In the case of social activism, Shirky gives the examples of the Flyers Rights movement sparked by the eight-hour diversion of several American Airlines flights to Austin in 2006, and student protests against  HSBC’s 2007 announcement—with no advance warning—that it was canceling its free overdraft protection policy. Social networking technology made it possible to leverage support from those with only limited motivation.

Many people care a little about the treatment they get from airlines or banks, but not many care enough to do anything about it on their own, both because that kind of effort is hard and because individual actions have so little effect on big corporations. The old model for coordinating group action required convincing people who care a little to care more, so that they would be roused to act. What Hanni and Streeting did instead was to lower the hurdles to doing something in the first place, so that people who cared a little could participate a little, while being effective in aggregate. Having a handful of highly motivated people and a mass of barely motivated ones used to be a recipe for frustration…. Now the highly motivated people can create a context more easily in which the barely motivated people can be effective without having to become activists themselves.

By the same token—as we saw earlier—new tactics developed at enormous cost by one node are now, thanks to stigmergic organization, immediately available at no cost to the entire network. So not only can small contributions be leveraged by large movements, large contributions can be leveraged by a large number of small movements. Either way, the contributions of each become a common-pool resource of all, and the transaction costs of aggregating all contributions—large and small—disappear.

Back in 2002, Javier Corrales noted that the hopes of “cyber-enthusiasts”—that “[t]he Internet would empower the political Davids… and restrain the Goliaths by making their actions easier to scrutinize”—never materialized.

Few major transformations in politics seem to be occurring. The bursting of the dot-com bubble in 2002 further dampened the mood of cyber-enthusiasts. Those who once expected dot-coms to revolutionize democracy now feel embarrassed at their hyperbole.

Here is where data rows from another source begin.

lemma pmf_ea_step_cap_fitness:
  assumes alg: "elitist_unbiased_alg n \<mu> lam vary select" and \<mu>: "0 < \<mu>"
    and st: "st \<in> valid_states \<mu> n" and below: "\<forall>x\<in>set (fst y). f x \<le> c"
  shows "pmf (ea_step lam f vary select st) y = pmf (ea_step lam (cap_fitness f c) vary select st) y"
proof -
  obtain P s where Ps: "st = (P, s)"
    by fastforce
  have survivors_eq: "pmf (survivors f select s ch (P @ Q)) y = pmf (survivors (cap_fitness f c) select s ch (P @ Q)) y"
    if Q: "Q \<in> set_pmf (offspring lam par ops P)" for ch par ops Q
  proof (cases "\<forall>x\<in>set (P @ Q). f x \<le> c")
    case True
    then have "map f (P @ Q) = map (cap_fitness f c) (P @ Q)"
      unfolding cap_fitness_def by simp
    then show ?thesis
      unfolding survivors_def by (simp only:)
  next
    case False
    have "length (P @ Q) = \<mu> + lam"
      using st Ps length_offspring[OF Q] unfolding valid_states_def by simp
    then have "y \<notin> set_pmf (survivors g select s ch (P @ Q))" if "\<forall>x. g x \<le> c \<longleftrightarrow> f x \<le> c" for g
      using survivors_below_imp_candidates_below[OF alg \<mu>, of "P @ Q" y g s ch c] below False that by auto
    then show ?thesis
      by (metis cap_fitness_le_iff pmf_eq_0_set_pmf)
  qed
  show ?thesis
    unfolding Ps ea_step_eq
  proof (rule pmf_bind_pmf_cong, clarify)
    fix par ops
    show "pmf (bind_pmf (offspring lam par ops P) (\<lambda>Q. survivors f select s (par, ops) (P @ Q))) y
      = pmf (bind_pmf (offspring lam par ops P) (\<lambda>Q. survivors (cap_fitness f c) select s (par, ops) (P @ Q))) y"
      by (rule pmf_bind_pmf_cong) (rule survivors_eq)
  qed
qed

lemma pmf_ea_run_cap_fitness:
  assumes alg: "elitist_unbiased_alg n \<mu> lam vary select" and \<mu>: "0 < \<mu>"
    and below: "\<forall>x\<in>set (fst y). f x \<le> c"
  shows "pmf (ea_run n \<mu> lam f init vary select t) y = pmf (ea_run n \<mu> lam (cap_fitness f c) init vary select t) y"
  using below
proof (induction t arbitrary: y)
  case 0
  have "pmf (map_pmf (\<lambda>s. (P, s)) (init (map f P))) y
      = pmf (map_pmf (\<lambda>s. (P, s)) (init (map (cap_fitness f c) P))) y" for P
  proof (cases "P = fst y")
    case True
    then have "map f P = map (cap_fitness f c) P"
      using "0" unfolding cap_fitness_def by simp
    then show ?thesis
      by (simp only:)
  next
    case False
    then have "y \<notin> set_pmf (map_pmf (\<lambda>s. (P, s)) (init (map g P)))" for g
      by auto
    then show ?thesis
      by (metis pmf_eq_0_set_pmf)
  qed
  then show ?case
    unfolding ea_run.simps ea_init_def by (intro pmf_bind_pmf_cong)
next
  case (Suc t)
  let ?M = "ea_run n \<mu> lam f init vary select t"
  let ?M' = "ea_run n \<mu> lam (cap_fitness f c) init vary select t"
  have "pmf ?M st * pmf (ea_step lam f vary select st) y
      = pmf ?M' st * pmf (ea_step lam (cap_fitness f c) vary select st) y" for st
  proof (cases "st \<in> valid_states \<mu> n")
    case False
    then have "pmf ?M st = 0" "pmf ?M' st = 0"
      using ea_run_valid[OF alg] by (auto simp: pmf_eq_0_set_pmf)
    then show ?thesis
      by simp
  next
    case valid: True
    show ?thesis
    proof (cases "\<forall>x\<in>set (fst st). f x \<le> c")
      case True
      then show ?thesis
        using Suc pmf_ea_step_cap_fitness[OF alg \<mu> valid] by simp
    next
      case False
      have "y \<notin> set_pmf (ea_step lam g vary select st)" if "\<forall>x. g x \<le> c \<longleftrightarrow> f x \<le> c" for g
        using ea_step_below_imp_parent_below[OF alg \<mu> valid, of y g c] Suc.prems False that by auto
      then show ?thesis
        by (metis cap_fitness_le_iff mult_zero_right pmf_eq_0_set_pmf)
    qed
  qed
  then show ?case
    unfolding ea_run.simps by (rule pmf_bind_pmf_eq)
qed

lemma map_pmf_cond_pmf_involution:
  assumes ne: "set_pmf M \<inter> B \<noteq> {}" and inv: "\<And>x. \<psi> (\<psi> x) = x"
    and pres: "\<And>x. x \<in> set_pmf M \<Longrightarrow> x \<in> B \<Longrightarrow> \<psi> x \<in> B \<and> pmf M (\<psi> x) = pmf M x"
  shows "map_pmf \<psi> (cond_pmf M B) = cond_pmf M B"
proof (rule pmf_eqI)
  fix x
  have "pmf (map_pmf \<psi> (cond_pmf M B)) x = pmf (cond_pmf M B) (\<psi> x)"
    by (metis inv injI pmf_map_inj')
  also have "\<dots> = pmf (cond_pmf M B) x"
  proof (cases "x \<in> set_pmf M \<inter> B \<or> \<psi> x \<in> set_pmf M \<inter> B")
    case True
    then have "\<psi> x \<in> B \<and> x \<in> B \<and> pmf M (\<psi> x) = pmf M x"
    proof
      assume "x \<in> set_pmf M \<inter> B"
      then show ?thesis
        using pres[of x] by auto
    next
      assume "\<psi> x \<in> set_pmf M \<inter> B"
      then show ?thesis
        using pres[of "\<psi> x"] inv[of x] by auto
    qed
    then show ?thesis
      by (simp add: pmf_cond[OF ne])
  next
    case False
    then show ?thesis
      by (auto simp: pmf_cond[OF ne] set_pmf_iff)
  qed
  finally show "pmf (map_pmf \<psi> (cond_pmf M B)) x = pmf (cond_pmf M B) x" .
qed
definition meixner_weight :: "real \<Rightarrow> real \<Rightarrow> nat \<Rightarrow> real" where
  "meixner_weight g c k = pochhammer g k * c ^ k / fact k"

lemma meixner2_weight_eq_meixner_weight:
  assumes "0 < b"
  shows "meixner2_weight b c k = meixner_weight b c k"
proof -
  have b: "b \<notin> \<int>\<^sub>\<le>\<^sub>0"
    using assms by (auto elim!: nonpos_Ints_cases)
  then have "Gamma b \<noteq> 0"
    by (simp add: Gamma_eq_zero_iff)
  moreover have "Gamma (real k + 1) = fact k"
    using Gamma_fact[of k] by (simp add: add.commute)
  ultimately show ?thesis
    unfolding meixner2_weight_def meixner_weight_def pochhammer_Gamma[OF b] by simp
qed

lemma meixner_weight_sums:
  assumes "\<bar>c\<bar> < 1"
  shows "meixner_weight g c sums (1 - c) powr (- g)"
proof -
  have "(\<lambda>k. ((- g) gchoose k) * (- c) ^ k) sums (1 + - c) powr (- g)"
    using assms by (intro gen_binomial_real) simp
  moreover have "((- g) gchoose k) * (- c) ^ k = meixner_weight g c k" for k
  proof -
    have "((- g) gchoose k) * (- c) ^ k = ((-1) ^ k * (-1) ^ k) * meixner_weight g c k"
      by (simp add: gbinomial_pochhammer power_minus[of c] meixner_weight_def mult_ac)
    also have "(-1::real) ^ k * (-1) ^ k = 1"
      by (simp flip: power_mult_distrib)
    finally show ?thesis by simp
  qed
  ultimately show ?thesis by simp
qed

lemma rising_poly_mult_meixner_weight:
  "poly (rising_poly g t) (real k) * meixner_weight g c k = pochhammer g t * meixner_weight (g + real t) c k"
proof -
  have "pochhammer g k * pochhammer (g + real k) t = pochhammer g t * pochhammer (g + real t) k"
    by (metis add.commute pochhammer_product')
  then show ?thesis
    by (simp add: poly_rising_poly meixner_weight_def field_simps)
qed

lemma falling_poly_meixner_moment:
  assumes "\<bar>c\<bar> < 1"
  shows "(\<lambda>k. poly (falling_poly s) (real k) * meixner_weight g c k)
           sums (pochhammer g s * c ^ s * (1 - c) powr (- (g + real s)))"
proof -
  define f where "f = (\<lambda>k. poly (falling_poly s) (real k) * meixner_weight g c k)"
  have shift: "f (j + s) = pochhammer g s * c ^ s * meixner_weight (g + real s) c j" for j
  proof -
    have "poly (falling_poly s) (real (j + s)) = fact (j + s) / fact j"
      by (simp add: poly_falling_poly_of_nat binomial_fact del: of_nat_add)
    moreover have "pochhammer g (j + s) = pochhammer g s * pochhammer (g + real s) j"
      by (metis add.commute pochhammer_product')
    ultimately show ?thesis
      by (simp add: f_def meixner_weight_def power_add field_simps)
  qed
  have "(\<Sum>k<s. f k) = 0"
    by (auto intro!: sum.neutral simp: f_def poly_falling_poly_of_nat binomial_eq_0)
  moreover have "(\<lambda>j. f (j + s)) sums (pochhammer g s * c ^ s * (1 - c) powr (- (g + real s)))"
    unfolding shift by (intro sums_mult meixner_weight_sums assms)
  ultimately have "f sums (pochhammer g s * c ^ s * (1 - c) powr (- (g + real s)))"
    using sums_iff_shift[of f s] by simp
  then show ?thesis
    unfolding f_def .
qed

definition falling_coeffs :: "'a::idom poly \<Rightarrow> nat \<Rightarrow> 'a" where
  "falling_coeffs P = (SOME a. P = (\<Sum>t\<le>degree P. smult (a t) (falling_poly t)))"

lemma falling_poly_expansion:
  "P = (\<Sum>t\<le>degree P. smult (falling_coeffs P t) (falling_poly t))"
proof -
  have "\<exists>a. P = (\<Sum>t\<le>degree P. smult (a t) (falling_poly t))"
    by (rule monic_basis_expansion[OF degree_falling_poly lead_coeff_falling_poly]) simp
  then show ?thesis
    unfolding falling_coeffs_def by (rule someI_ex)
qed

lemma falling_coeffs_degree: "falling_coeffs P (degree P) = lead_coeff P"
  using arg_cong[OF falling_poly_expansion, of "\<lambda>Q. coeff Q (degree P)" P]
  by (simp add: coeff_monic_basis_sum_top[OF degree_falling_poly lead_coeff_falling_poly])

definition falling_scale :: "'a::idom \<Rightarrow> 'a poly \<Rightarrow> 'a poly" where
  "falling_scale r P = (\<Sum>t\<le>degree P. smult (falling_coeffs P t * r ^ t) (falling_poly t))"

lemma coeff_falling_scale_degree:
  "coeff (falling_scale r P) (degree P) = r ^ degree P * lead_coeff P"
  by (simp add: falling_scale_def falling_coeffs_degree
      coeff_monic_basis_sum_top[OF degree_falling_poly lead_coeff_falling_poly])

lemma degree_falling_scale:
  assumes "r \<noteq> 0"
  shows "degree (falling_scale r P) = degree P"
proof (rule antisym)
  show "degree (falling_scale r P) \<le> degree P"
    unfolding falling_scale_def by (rule degree_monic_basis_sum_le) simp
  show "degree P \<le> degree (falling_scale r P)"
    using assms coeff_falling_scale_degree[of r P]
    by (cases "P = 0") (auto intro: le_degree)
qed

lemma falling_scale_meixner_moment:
  assumes "c \<noteq> 0" "\<bar>c\<bar> < 1"
  shows "(\<lambda>k. poly (falling_scale ((c - 1) / c) P) (real k) * meixner_weight g c k)
           sums ((1 - c) powr (- g) * poly P (- g))"
proof -
  define q where "q = falling_coeffs P"
  have val: "q t * ((c - 1) / c) ^ t * (pochhammer g t * c ^ t * (1 - c) powr (- (g + real t)))
      = (1 - c) powr (- g) * (q t * poly (falling_poly t) (- g))" for t
  proof -
    have e1: "(1 - c) powr (- (g + real t)) = (1 - c) powr (- g) / (1 - c) ^ t"
      using assms(2) by (simp add: powr_diff powr_realpow diff_conv_add_uminus[symmetric])
    have e2: "((c - 1) / c) ^ t * c ^ t = (-1) ^ t * (1 - c) ^ t"
      using assms(1) by (simp flip: power_mult_distrib)
    have "q t * ((c - 1) / c) ^ t * (pochhammer g t * c ^ t * (1 - c) powr (- (g + real t)))
        = q t * (((c - 1) / c) ^ t * c ^ t) * pochhammer g t * (1 - c) powr (- (g + real t))"
      by (simp add: ac_simps)
    also have "\<dots> = q t * ((-1) ^ t * (1 - c) ^ t) * pochhammer g t * ((1 - c) powr (- g) / (1 - c) ^ t)"
      by (simp only: e1 e2)
    also have "\<dots> = (1 - c) powr (- g) * (q t * ((-1) ^ t * pochhammer g t))"
      using assms(2) by (simp add: field_simps)
    finally show ?thesis
      by (simp add: poly_falling_poly_minus)
  qed
  have "(\<lambda>k. poly (falling_scale ((c - 1) / c) P) (real k) * meixner_weight g c k)
      = (\<lambda>k. \<Sum>t\<le>degree P. q t * ((c - 1) / c) ^ t * (poly (falling_poly t) (real k) * meixner_weight g c k))"
    by (simp add: falling_scale_def q_def poly_sum sum_distrib_left sum_distrib_right mult_ac)
  also have "\<dots> sums (\<Sum>t\<le>degree P. q t * ((c - 1) / c) ^ t *
              (pochhammer g t * c ^ t * (1 - c) powr (- (g + real t))))"
    using assms(2) by (intro sums_sum sums_mult falling_poly_meixner_moment)
  also have "(\<Sum>t\<le>degree P. q t * ((c - 1) / c) ^ t *
              (pochhammer g t * c ^ t * (1 - c) powr (- (g + real t))))
      = (1 - c) powr (- g) * poly P (- g)"
    unfolding val by (subst (2) falling_poly_expansion) (simp add: q_def poly_sum sum_distrib_left)
  finally show ?thesis .
qed

lemma sum_binomial_mult_binomial:
  fixes z :: "'a::comm_ring_1"
  shows "(\<Sum>l\<le>x. of_nat (x choose l) * of_nat (l choose t) * z ^ l)
           = of_nat (x choose t) * z ^ t * (1 + z) ^ (x - t)"
proof (cases "t \<le> x")
  case True
  define f where "f = (\<lambda>l. of_nat (x choose l) * of_nat (l choose t) * z ^ l)"
  have "(\<Sum>l\<le>x. f l) = (\<Sum>l\<in>{t..x}. f l)"
    by (rule sum.mono_neutral_right) (auto simp: f_def binomial_eq_0)
  also have "\<dots> = (\<Sum>i\<le>x - t. f (i + t))"
    using sum.shift_bounds_cl_nat_ivl[of f 0 t "x - t"] True by (simp add: atLeast0AtMost)
  also have "\<dots> = (\<Sum>i\<le>x - t. of_nat (x choose t) * z ^ t * (of_nat ((x - t) choose i) * z ^ i))"
  proof (rule sum.cong)
    fix i assume "i \<in> {..x - t}"
    then have "(x choose (i + t)) * ((i + t) choose t) = (x choose t) * ((x - t) choose i)"
      using choose_mult[of t "i + t" x] True by simp
    then show "f (i + t) = of_nat (x choose t) * z ^ t * (of_nat ((x - t) choose i) * z ^ i)"
      unfolding f_def by (metis (no_types, lifting) mult.commute mult.left_commute of_nat_mult power_add)
  qed simp
  also have "\<dots> = of_nat (x choose t) * z ^ t * (\<Sum>i\<le>x - t. of_nat ((x - t) choose i) * z ^ i)"
    by (simp add: sum_distrib_left)
  also have "\<dots> = of_nat (x choose t) * z ^ t * (1 + z) ^ (x - t)"
    using binomial_ring[of z 1 "x - t"] by (simp add: add.commute)
  finally show ?thesis
    by (simp add: f_def)
qed (auto intro!: sum.neutral simp: binomial_eq_0)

Looking back from my vantage point nine years later—I write the first draft of this passage in October 2011, nine months after the beginning of the Arab Spring and on the eve of Bloomberg’s threat to clear out Occupy Wall Street—it’s easy to laugh at Corrales’ dismissal. Sure, he really was to blame for missing the significance of stuff like Seattle and the campaigns against Nike and Shell. But a lot of it was natural, given the time he was writing in. His identification of the dotcoms with the hope for democracy is very telling. It was, in fact, the collapse of the dotcom bubble and with it the dead hand of Web 1.0 that made possible the revolution, organized through Web 2.0 technologies like social media, that has materialized.